*** Input material Section Begins ***
lemma gmul_gone_left:
  assumes "\<forall>S. infinite S \<longrightarrow> a S = 0"
  shows "gmul gone a = a"
proof
  fix U
  show "gmul gone a U = a U"
  proof (cases "finite U")
    case True
    then have "gmul gone a U = (\<Sum>S\<in>Pow U. if S = {} then a U else 0)"
      unfolding gmul_def gone_def if_P[OF True] by (intro sum.cong) (auto simp: Diff_eq_empty_iff)
    then show ?thesis using True by simp
  qed (simp add: gmul_def assms)
qed

lemma gmul_gone_right:
  assumes "\<forall>S. infinite S \<longrightarrow> a S = 0"
  shows "gmul a gone = a"
proof
  fix U
  show "gmul a gone U = a U"
  proof (cases "finite U")
    case True
    then have "gmul a gone U = (\<Sum>S\<in>Pow U. if S = U then a U else 0)"
      unfolding gmul_def gone_def if_P[OF True] by (intro sum.cong) (auto simp: Diff_eq_empty_iff)
    then show ?thesis using True by simp
  qed (simp add: gmul_def assms)
qed

text \<open>Only vanishing on infinite index sets is imposed (it makes \<^const>\<open>gone\<close> a unit).\<close>

typedef (overloaded) 'a grassmann = "{a :: 'a::field grass. \<forall>S. infinite S \<longrightarrow> a S = 0}"
  by (rule exI[of _ "\<lambda>S. 0"]) auto

setup_lifting type_definition_grassmann

instantiation grassmann :: (field) ring_1
begin

lift_definition zero_grassmann :: "'a grassmann" is "\<lambda>S. 0" by simp
lift_definition one_grassmann :: "'a grassmann" is gone by (auto simp: gone_def)
lift_definition plus_grassmann :: "'a grassmann \<Rightarrow> 'a grassmann \<Rightarrow> 'a grassmann"
  is "\<lambda>a b S. a S + b S" by simp
lift_definition uminus_grassmann :: "'a grassmann \<Rightarrow> 'a grassmann" is "\<lambda>a S. - a S" by simp
lift_definition minus_grassmann :: "'a grassmann \<Rightarrow> 'a grassmann \<Rightarrow> 'a grassmann"
  is "\<lambda>a b S. a S - b S" by simp
lift_definition times_grassmann :: "'a grassmann \<Rightarrow> 'a grassmann \<Rightarrow> 'a grassmann"
  is gmul by (simp add: gmul_def)

instance
proof
  fix a b c :: "'a grassmann"
  show "a * b * c = a * (b * c)" by transfer (rule gmul_assoc)
  show "1 * a = a" by transfer (rule gmul_gone_left)
  show "a * 1 = a" by transfer (rule gmul_gone_right)
  show "(a + b) * c = a * c + b * c" by transfer (rule gmul_add_left)
  show "a * (b + c) = a * b + a * c" by transfer (rule gmul_add_right)
  show "a + b + c = a + (b + c)" by transfer (simp add: add.assoc)
  show "a + b = b + a" by transfer (simp add: add.commute)
  show "0 + a = a" by transfer simp
  show "- a + a = 0" by transfer simp
  show "a - b = a + - b" by transfer simp
  show "(0::'a grassmann) \<noteq> 1" by transfer (simp add: gone_def fun_eq_iff)
qed

end

lemma Rep_grassmann_infinite: "infinite S \<Longrightarrow> Rep_grassmann a S = 0"
  using Rep_grassmann[of a] by auto

lemma Rep_grassmann_sum: "finite F \<Longrightarrow> Rep_grassmann (sum f F) U = (\<Sum>S\<in>F. Rep_grassmann (f S) U)"
  by (induction F rule: finite_induct) (auto simp: zero_grassmann.rep_eq plus_grassmann.rep_eq)

lemma gmul_neq_0_imp:
  assumes "gmul a b U \<noteq> 0"
  shows "finite U \<and> (\<exists>S\<subseteq>U. a S \<noteq> 0 \<and> b (U - S) \<noteq> 0)"
proof -
  have U: "finite U" using assms by (auto simp: gmul_def split: if_splits)
  then have "(\<Sum>S\<in>Pow U. of_int (gsign S (U - S)) * a S * b (U - S)) \<noteq> 0"
    using assms by (simp add: gmul_def)
  then obtain S where "S \<in> Pow U" "of_int (gsign S (U - S)) * a S * b (U - S) \<noteq> 0"
    by (meson sum.neutral)
  then show ?thesis using U by auto
qed

lift_definition gmonom :: "nat set \<Rightarrow> 'a::field \<Rightarrow> 'a grassmann" is
  "\<lambda>S c T. if T = S \<and> finite S then c else 0" by auto

lemma gmonom_0 [simp]: "gmonom S 0 = 0"
  by transfer simp

lemma gmonom_mult:
  assumes "finite S" "finite T"
  shows "gmonom S c * gmonom T d =
    (if S \<inter> T = {} then gmonom (S \<union> T) (of_int (gsign S T) * c * d) else 0)"
proof (rule Rep_grassmann_inject[THEN iffD1], rule ext)
  fix U
  show "Rep_grassmann (gmonom S c * gmonom T d) U =
    Rep_grassmann (if S \<inter> T = {} then gmonom (S \<union> T) (of_int (gsign S T) * c * d) else 0) U"
  proof (cases "finite U")
    case True
    have "Rep_grassmann (gmonom S c * gmonom T d) U = (\<Sum>R\<in>Pow U.
        of_int (gsign R (U - R)) * (if R = S then c else 0) * (if U - R = T then d else 0))"
      using True assms by (simp add: times_grassmann.rep_eq gmonom.rep_eq gmul_def)
    also have "\<dots> = (\<Sum>R\<in>Pow U.
        if R = S then (if U - S = T then of_int (gsign S T) * c * d else 0) else 0)"
      by (rule sum.cong) auto
    also have "\<dots> = (if S \<subseteq> U \<and> U - S = T then of_int (gsign S T) * c * d else 0)"
      using True by (simp add: sum.delta)
    finally show ?thesis
      using assms by (auto simp: gmonom.rep_eq zero_grassmann.rep_eq)
  qed (simp add: Rep_grassmann_infinite)
qed

lemma gmonom_mult_disjoint:
  assumes "finite S" "finite T" "S \<inter> T = {}" "c \<noteq> 0" "d \<noteq> 0"
  obtains e where "e \<noteq> 0" "gmonom S c * gmonom T d = gmonom (S \<union> T) e"
proof (rule that)
  show "of_int (gsign S T) * c * d \<noteq> 0"
    using assms(4,5) of_int_gsign_neq_0 by simp
  show "gmonom S c * gmonom T d = gmonom (S \<union> T) (of_int (gsign S T) * c * d)"
    using gmonom_mult[OF assms(1,2)] assms(3) by simp
qed

lemma gmonom_square:
  "finite S \<Longrightarrow> S \<noteq> {} \<Longrightarrow> gmonom S c * gmonom S c = 0"
  by (simp add: gmonom_mult)

lemma prod_list_gmonom_disjoint:
  assumes "\<forall>S\<in>set Ss. finite S" "sorted_wrt (\<lambda>S T. S \<inter> T = {}) Ss"
  obtains c where "c \<noteq> 0" "prod_list (map (\<lambda>S. gmonom S 1) Ss) = gmonom (\<Union>(set Ss)) (c::'a::field)"
  using assms
proof (induction Ss arbitrary: thesis)
  case Nil
  have "(1 :: 'a grassmann) = gmonom {} 1"
    by transfer (simp add: gone_def fun_eq_iff)
  then show ?case using Nil(1)[of 1] by simp
next
  case (Cons S Ss)
  obtain c where c: "c \<noteq> 0" "prod_list (map (\<lambda>S. gmonom S 1) Ss) = gmonom (\<Union>(set Ss)) (c::'a)"
    using Cons by auto
  moreover have "finite S" "finite (\<Union>(set Ss))" "S \<inter> \<Union>(set Ss) = {}"
    using Cons.prems by auto
  ultimately obtain e where "e \<noteq> 0" "gmonom S 1 * gmonom (\<Union>(set Ss)) c = gmonom (S \<union> \<Union>(set Ss)) e"
    using gmonom_mult_disjoint[of S "\<Union>(set Ss)" 1 c] by auto
  then show ?case using Cons.prems(1)[of e] c by simp
qed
*** Input material Section Ends ***
> _Exercise description_
How many lines in the material contain the string "where"? Reply with the number and nothing else.

> _Result of this task_
5